Why Your Dog Needs a Dog Life Jacket

30 08 2016

Jan Reisen | June 09, 2016

While some dog breeds are natural swimmers, like retrievers and spaniels, others are less suited to the water. Either way, if you and your pet plan to spend time in or on the water, a dog life jacket is a wise investment. Even good swimmers can tire, have trouble staying buoyant, and struggle to keep their heads above water. Some breeds, such as Bulldogs, have body types less suited to swimming and will need help staying afloat. If your dog accompanies you on a boat, a personal flotation device (PFD) is essential. If he falls overboard, he’ll struggle in rough water, a strong current, or large waves. A dog life jacket makes it easier for him to stay above water and easier for you to retrieve him and get him back on board.

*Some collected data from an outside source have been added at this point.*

lemma power_ge_tangent:
  fixes a b :: real
  assumes "0 \<le> a" "0 \<le> b"
  shows "a ^ s + real s * a ^ (s - 1) * (b - a) \<le> b ^ s"
proof (induction s)
  case 0
  then show ?case
    by simp
next
  case (Suc s)
  have "b * (a ^ s + real s * a ^ (s - 1) * (b - a)) \<le> b ^ Suc s"
    using Suc.IH assms by (simp add: mult_left_mono)
  moreover have "b * (a ^ s + real s * a ^ (s - 1) * (b - a)) =
      a ^ Suc s + real (Suc s) * a ^ s * (b - a) + real s * a ^ (s - 1) * (b - a)\<^sup>2"
    by (cases s) (simp_all add: algebra_simps power2_eq_square)
  moreover have "0 \<le> real s * a ^ (s - 1) * (b - a)\<^sup>2"
    using assms by simp
  ultimately show ?case
    by simp
qed

lemma lattice_laplacian_power_ge:
  fixes f :: "int ^ 'd \<Rightarrow> real"
  assumes nonneg: "\<And>y. 0 \<le> f y"
  shows "real s * f x ^ (s - 1) * lattice_laplacian f x \<le> lattice_laplacian (\<lambda>y. f y ^ s) x"
proof -
  have "real s * f x ^ (s - 1) * (f (x + axis i 1) + f (x - axis i 1) - 2 * f x)
      \<le> f (x + axis i 1) ^ s + f (x - axis i 1) ^ s - 2 * f x ^ s" for i
  proof -
    have "real s * f x ^ (s - 1) * (f (x + axis i 1) + f (x - axis i 1) - 2 * f x) =
        real s * f x ^ (s - 1) * (f (x + axis i 1) - f x) + real s * f x ^ (s - 1) * (f (x - axis i 1) - f x)"
      by (simp add: algebra_simps)
    then show ?thesis
      using power_ge_tangent[OF nonneg nonneg, of x s "x + axis i 1"]
        power_ge_tangent[OF nonneg nonneg, of x s "x - axis i 1"]
      by linarith
  qed
  then have "(\<Sum>i\<in>UNIV. real s * f x ^ (s - 1) * (f (x + axis i 1) + f (x - axis i 1) - 2 * f x))
      \<le> (\<Sum>i\<in>UNIV. f (x + axis i 1) ^ s + f (x - axis i 1) ^ s - 2 * f x ^ s)"
    by (rule sum_mono)
  then show ?thesis
    by (simp add: lattice_laplacian_eq sum_distrib_left divide_right_mono)
qed

lemma sum_translate_mult:
  fixes u \<phi> :: "'a::ab_group_add \<Rightarrow> real"
  assumes T: "finite T" and supp: "\<And>x. x \<notin> F \<Longrightarrow> \<phi> x = 0"
    and F: "F \<subseteq> T" "(\<lambda>x. x + v) ` F \<subseteq> T"
  shows "(\<Sum>x\<in>T. u (x + v) * \<phi> x) = (\<Sum>x\<in>T. u x * \<phi> (x - v))"
proof -
  have "(\<Sum>x\<in>T. u (x + v) * \<phi> x) = (\<Sum>x\<in>F. u (x + v) * \<phi> x)"
    using F(1) supp by (intro sum.mono_neutral_right[OF T]) auto
  also have "\<dots> = (\<Sum>y\<in>(\<lambda>x. x + v) ` F. u y * \<phi> (y - v))"
    by (subst sum.reindex) (auto simp: inj_on_def)
  also have "\<dots> = (\<Sum>x\<in>T. u x * \<phi> (x - v))"
  proof (intro sum.mono_neutral_left[OF T F(2)] ballI)
    fix y
    assume "y \<in> T - (\<lambda>x. x + v) ` F"
    then have "y - v \<notin> F"
      by (metis DiffD2 diff_add_cancel image_eqI)
    then show "u y * \<phi> (y - v) = 0"
      by (simp add: supp)
  qed
  finally show ?thesis .
qed

lemma sum_lattice_laplacian_mult_commute:
  fixes u \<phi> :: "int ^ 'd \<Rightarrow> real"
  assumes T: "finite T" and supp: "\<And>x. x \<notin> F \<Longrightarrow> \<phi> x = 0" and "F \<subseteq> T"
    and nbrs: "\<And>x i. x \<in> F \<Longrightarrow> x + axis i 1 \<in> T \<and> x - axis i 1 \<in> T"
  shows "(\<Sum>x\<in>T. lattice_laplacian u x * \<phi> x) = (\<Sum>x\<in>T. u x * lattice_laplacian \<phi> x)"
proof -
  have translate: "(\<Sum>x\<in>T. u (x + v) * \<phi> x) = (\<Sum>x\<in>T. u x * \<phi> (x - v))"
    if "v = axis i 1 \<or> v = - axis i 1" for v i
    using that nbrs by (intro sum_translate_mult[OF T supp \<open>F \<subseteq> T\<close>]) auto
  have per_axis: "(\<Sum>x\<in>T. (u (x + axis i 1) + u (x - axis i 1) - 2 * u x) * \<phi> x) =
      (\<Sum>x\<in>T. u x * (\<phi> (x + axis i 1) + \<phi> (x - axis i 1) - 2 * \<phi> x))" for i
    using translate[of "axis i 1" i] translate[of "- axis i 1" i]
    by (simp add: algebra_simps sum.distrib sum_subtractf sum_distrib_left)
  have "(\<Sum>x\<in>T. lattice_laplacian u x * \<phi> x) =
      (\<Sum>i\<in>UNIV. \<Sum>x\<in>T. (u (x + axis i 1) + u (x - axis i 1) - 2 * u x) * \<phi> x) / (2 * real CARD('d))"
    unfolding lattice_laplacian_eq by (subst sum.swap) (simp add: sum_divide_distrib sum_distrib_right)
  also have "\<dots> = (\<Sum>i\<in>UNIV. \<Sum>x\<in>T. u x * (\<phi> (x + axis i 1) + \<phi> (x - axis i 1) - 2 * \<phi> x)) /
      (2 * real CARD('d))"
    by (simp add: per_axis)
  also have "\<dots> = (\<Sum>x\<in>T. u x * lattice_laplacian \<phi> x)"
    unfolding lattice_laplacian_eq by (subst sum.swap) (simp add: sum_divide_distrib sum_distrib_left)
  finally show ?thesis .
qed

section \<open>Norms and boxes in the lattice\<close>

definition lattice_sqnorm :: "int ^ 'd \<Rightarrow> real" where
  "lattice_sqnorm x = (\<Sum>i\<in>UNIV. (real_of_int (x $ i))\<^sup>2)"

lemma lattice_sqnorm_nonneg: "0 \<le> lattice_sqnorm x"
  by (simp add: lattice_sqnorm_def sum_nonneg)

lemma lattice_norm_eq_sqrt: "lattice_norm x = sqrt (lattice_sqnorm x)"
  by (simp add: lattice_norm_def lattice_sqnorm_def)

lemma lattice_norm_nonneg: "0 \<le> lattice_norm x"
  by (simp add: lattice_norm_eq_sqrt lattice_sqnorm_nonneg)

lemma lattice_norm_power2: "(lattice_norm x)\<^sup>2 = lattice_sqnorm x"
  by (simp add: lattice_norm_eq_sqrt lattice_sqnorm_nonneg)

lemma lattice_norm_le_iff: "0 \<le> R \<Longrightarrow> lattice_norm x \<le> R \<longleftrightarrow> lattice_sqnorm x \<le> R\<^sup>2"
  by (metis lattice_norm_nonneg lattice_norm_power2 power2_le_iff_abs_le abs_of_nonneg)

lemma lattice_norm_le_if_lattice_sqnorm_less:
  assumes "lattice_sqnorm x < 3 * R\<^sup>2" "0 \<le> R"
  shows "lattice_norm x \<le> 2 * R"
proof -
  have "lattice_sqnorm x \<le> 4 * R\<^sup>2"
    using assms(1) zero_le_power2[of R] by linarith
  then show ?thesis
    using assms(2) by (simp add: lattice_norm_le_iff power_mult_distrib)
qed

lemma power2_coord_le_lattice_sqnorm: "(real_of_int (x $ i))\<^sup>2 \<le> lattice_sqnorm x"
  unfolding lattice_sqnorm_def by (rule member_le_sum) auto

lemma abs_coord_le_lattice_norm: "\<bar>real_of_int (x $ i)\<bar> \<le> lattice_norm x"
  unfolding lattice_norm_eq_sqrt
  using real_sqrt_le_mono[OF power2_coord_le_lattice_sqnorm[of x i]] by simp

lemma lattice_sqnorm_add_axis:
  "lattice_sqnorm (x + axis i c) = lattice_sqnorm x + 2 * c * x $ i + c\<^sup>2"
proof -
  have "lattice_sqnorm (x + axis i c) = (\<Sum>j\<in>UNIV. (real_of_int (x $ j))\<^sup>2 +
      (if j = i then 2 * real_of_int c * x $ i + (real_of_int c)\<^sup>2 else 0))"
    unfolding lattice_sqnorm_def by (rule sum.cong) (auto simp: axis_def power2_eq_square algebra_simps)
  then show ?thesis
    by (simp add: sum.distrib lattice_sqnorm_def)
qed

lemma lattice_norm_add_axis_le: "lattice_norm (x + axis i c) \<le> lattice_norm x + \<bar>real_of_int c\<bar>"
proof -
  have "c * real_of_int (x $ i) \<le> \<bar>real_of_int c\<bar> * \<bar>real_of_int (x $ i)\<bar>"
    by (metis abs_ge_self abs_mult)
  also have "\<dots> \<le> \<bar>real_of_int c\<bar> * lattice_norm x"
    by (simp add: abs_coord_le_lattice_norm mult_left_mono)
  finally have "2 * c * real_of_int (x $ i) \<le> 2 * \<bar>real_of_int c\<bar> * lattice_norm x"
    by simp
  then have "lattice_sqnorm (x + axis i c) \<le> (lattice_norm x + \<bar>real_of_int c\<bar>)\<^sup>2"
    by (simp add: lattice_sqnorm_add_axis power2_sum lattice_norm_power2 algebra_simps)
  moreover have "0 \<le> lattice_norm x + \<bar>real_of_int c\<bar>"
    by (simp add: lattice_norm_nonneg)
  ultimately show ?thesis
    by (simp add: lattice_norm_le_iff)
qed

definition lattice_box :: "int \<Rightarrow> (int ^ 'd) set" where
  "lattice_box K = {x. \<forall>i. \<bar>x $ i\<bar> \<le> K}"

lemma lattice_box_coord: "x \<in> lattice_box K \<Longrightarrow> \<bar>x $ i\<bar> \<le> K"
  by (simp add: lattice_box_def)

lemma lattice_box_eq_image: "lattice_box K = vec_lambda ` (PiE UNIV (\<lambda>_. {-K..K}))"
proof (intro equalityI subsetI)
  fix x :: "int ^ 'd"
  assume "x \<in> lattice_box K"
  then have "x $ i \<in> {-K..K}" for i
    using lattice_box_coord[of x K i] by auto
  then have "vec_nth x \<in> PiE UNIV (\<lambda>_. {-K..K})"
    by (simp add: PiE_iff)
  then show "x \<in> vec_lambda ` (PiE UNIV (\<lambda>_. {-K..K}))"
    by (metis image_eqI vec_nth_inverse)
next
  fix y :: "int ^ 'd"
  assume "y \<in> vec_lambda ` (PiE UNIV (\<lambda>_. {-K..K}))"
  then obtain f where f: "f \<in> PiE UNIV (\<lambda>_. {-K..K})" and y: "y = vec_lambda f"
    by blast
  have "\<bar>y $ i\<bar> \<le> K" for i
    using PiE_mem[OF f, of i] by (auto simp: y)
  then show "y \<in> lattice_box K"
    by (simp add: lattice_box_def)
qed

lemma finite_lattice_box: "finite (lattice_box K)"
  unfolding lattice_box_eq_image by (intro finite_imageI finite_PiE) auto

lemma card_lattice_box: "card (lattice_box K :: (int ^ 'd) set) = nat (2 * K + 1) ^ CARD('d)"
proof -
  have "inj_on (vec_lambda :: ('d \<Rightarrow> int) \<Rightarrow> int ^ 'd) (PiE UNIV (\<lambda>_. {-K..K}))"
    by (rule inj_onI) (metis vec_lambda_inverse UNIV_I)
  then have "card (lattice_box K :: (int ^ 'd) set) = card (PiE (UNIV :: 'd set) (\<lambda>_. {-K..K}))"
    unfolding lattice_box_eq_image by (rule card_image)
  then show ?thesis
    by (simp add: card_PiE)
qed

lemma lattice_box_mono: "K \<le> L \<Longrightarrow> lattice_box K \<subseteq> lattice_box L"
  unfolding lattice_box_def by (auto intro: order.trans)

lemma lattice_nbrs_mem_lattice_box:
  assumes "x \<in> lattice_box K"
  shows "x + axis i 1 \<in> lattice_box (K + 1)" "x - axis i 1 \<in> lattice_box (K + 1)"
proof -
  have "\<bar>x $ j + (if j = i then c else 0)\<bar> \<le> K + 1" if "\<bar>c\<bar> \<le> 1" for j c
    using lattice_box_coord[OF assms, of j] that by auto
  then show "x + axis i 1 \<in> lattice_box (K + 1)" "x - axis i 1 \<in> lattice_box (K + 1)"
    unfolding diff_axis_eq_add_axis_neg by (simp_all add: lattice_box_def axis_def)
qed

Choosing a Life Jacket For Your Dog

There are no standards or certifications for canine life jackets or life vests, but here are some features to look for:

  • A handle will make it easier for you to grab hold of your dog if he’s floundering. It also makes it easier to teach your dog to swim; you can guide him in the water until he feels confident swimming on his own.
  • The life jacket or vest should have a D-ring so you can attach a leash.
  • Decide whether your dog need a life jacket or a vest. Dog life jackets cover more of the dog and provide both buoyancy and visibility. They’re recommended for boating and any time your dog may be in open or rough water. If your dog swims primarily in a pool, a life vest is lighter, covers less area, and and is easier for swimming.
  • Although dog life jackets come in all sorts of fun colors and prints, bright colors will make it easier to spot him in the water.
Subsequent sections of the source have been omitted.